Instructions for the task>
Locate each line below that includes "noteq" and reproduce it.

[Records for this task — start]

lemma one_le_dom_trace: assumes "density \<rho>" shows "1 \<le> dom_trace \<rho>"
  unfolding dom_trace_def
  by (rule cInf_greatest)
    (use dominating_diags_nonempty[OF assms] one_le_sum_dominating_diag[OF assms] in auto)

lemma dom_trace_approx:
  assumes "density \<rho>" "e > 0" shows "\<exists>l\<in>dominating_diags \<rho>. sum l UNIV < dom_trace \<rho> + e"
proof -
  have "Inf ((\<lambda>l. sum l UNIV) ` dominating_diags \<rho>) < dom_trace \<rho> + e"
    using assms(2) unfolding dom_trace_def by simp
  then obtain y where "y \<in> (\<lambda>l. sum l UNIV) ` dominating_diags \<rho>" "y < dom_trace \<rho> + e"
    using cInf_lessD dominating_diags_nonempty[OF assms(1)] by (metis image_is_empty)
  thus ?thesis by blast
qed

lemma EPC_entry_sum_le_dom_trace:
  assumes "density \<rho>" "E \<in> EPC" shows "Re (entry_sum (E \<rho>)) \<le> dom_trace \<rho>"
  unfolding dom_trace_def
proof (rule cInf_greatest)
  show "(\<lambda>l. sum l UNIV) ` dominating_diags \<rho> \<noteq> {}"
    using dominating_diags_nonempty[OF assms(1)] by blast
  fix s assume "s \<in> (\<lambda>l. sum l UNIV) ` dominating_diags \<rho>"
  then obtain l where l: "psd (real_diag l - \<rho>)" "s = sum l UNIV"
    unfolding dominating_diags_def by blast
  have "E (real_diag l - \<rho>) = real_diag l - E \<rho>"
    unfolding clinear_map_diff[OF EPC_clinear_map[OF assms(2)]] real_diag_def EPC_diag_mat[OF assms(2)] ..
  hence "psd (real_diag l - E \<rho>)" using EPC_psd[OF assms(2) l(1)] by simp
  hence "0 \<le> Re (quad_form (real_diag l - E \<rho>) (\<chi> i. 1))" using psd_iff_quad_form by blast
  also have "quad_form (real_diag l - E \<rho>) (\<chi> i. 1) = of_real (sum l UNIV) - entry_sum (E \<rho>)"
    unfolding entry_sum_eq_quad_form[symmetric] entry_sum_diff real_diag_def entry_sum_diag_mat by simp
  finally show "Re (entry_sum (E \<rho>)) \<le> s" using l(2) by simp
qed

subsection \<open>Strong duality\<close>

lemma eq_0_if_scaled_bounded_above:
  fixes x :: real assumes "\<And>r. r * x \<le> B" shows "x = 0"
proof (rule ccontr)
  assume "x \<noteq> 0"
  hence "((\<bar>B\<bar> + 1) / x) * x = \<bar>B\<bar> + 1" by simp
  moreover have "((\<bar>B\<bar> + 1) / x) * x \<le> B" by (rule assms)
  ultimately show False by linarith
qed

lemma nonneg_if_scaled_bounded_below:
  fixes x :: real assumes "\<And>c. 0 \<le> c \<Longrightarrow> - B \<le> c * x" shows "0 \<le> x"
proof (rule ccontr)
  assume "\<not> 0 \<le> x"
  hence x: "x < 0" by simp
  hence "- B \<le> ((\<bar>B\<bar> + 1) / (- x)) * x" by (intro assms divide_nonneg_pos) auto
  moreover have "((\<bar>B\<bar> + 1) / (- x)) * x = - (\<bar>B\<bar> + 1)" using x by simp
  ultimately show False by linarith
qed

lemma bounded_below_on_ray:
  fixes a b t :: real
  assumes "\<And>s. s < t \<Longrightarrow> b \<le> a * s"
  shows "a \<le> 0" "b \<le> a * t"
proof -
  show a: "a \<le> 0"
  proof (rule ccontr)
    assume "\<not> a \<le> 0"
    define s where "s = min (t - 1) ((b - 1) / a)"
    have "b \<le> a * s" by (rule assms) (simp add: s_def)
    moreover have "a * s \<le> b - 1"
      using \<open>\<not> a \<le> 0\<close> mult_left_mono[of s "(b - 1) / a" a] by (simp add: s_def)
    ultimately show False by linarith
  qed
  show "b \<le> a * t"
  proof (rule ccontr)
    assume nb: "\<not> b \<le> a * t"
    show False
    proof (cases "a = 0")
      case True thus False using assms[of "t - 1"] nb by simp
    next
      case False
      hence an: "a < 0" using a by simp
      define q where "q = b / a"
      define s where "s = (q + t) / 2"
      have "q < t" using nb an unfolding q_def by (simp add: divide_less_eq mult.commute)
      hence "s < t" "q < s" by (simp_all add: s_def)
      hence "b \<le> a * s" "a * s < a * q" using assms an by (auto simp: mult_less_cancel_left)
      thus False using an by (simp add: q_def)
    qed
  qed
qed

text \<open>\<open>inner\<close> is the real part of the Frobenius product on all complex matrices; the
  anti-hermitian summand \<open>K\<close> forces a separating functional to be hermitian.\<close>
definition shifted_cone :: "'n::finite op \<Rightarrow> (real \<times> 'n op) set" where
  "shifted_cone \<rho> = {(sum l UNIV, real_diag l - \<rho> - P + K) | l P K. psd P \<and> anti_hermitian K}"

[Records for this task — finish]

Reply to the task>
  show "(\<lambda>l. sum l UNIV) ` dominating_diags \<rho> \<noteq> {}"
  assume "x \<noteq> 0"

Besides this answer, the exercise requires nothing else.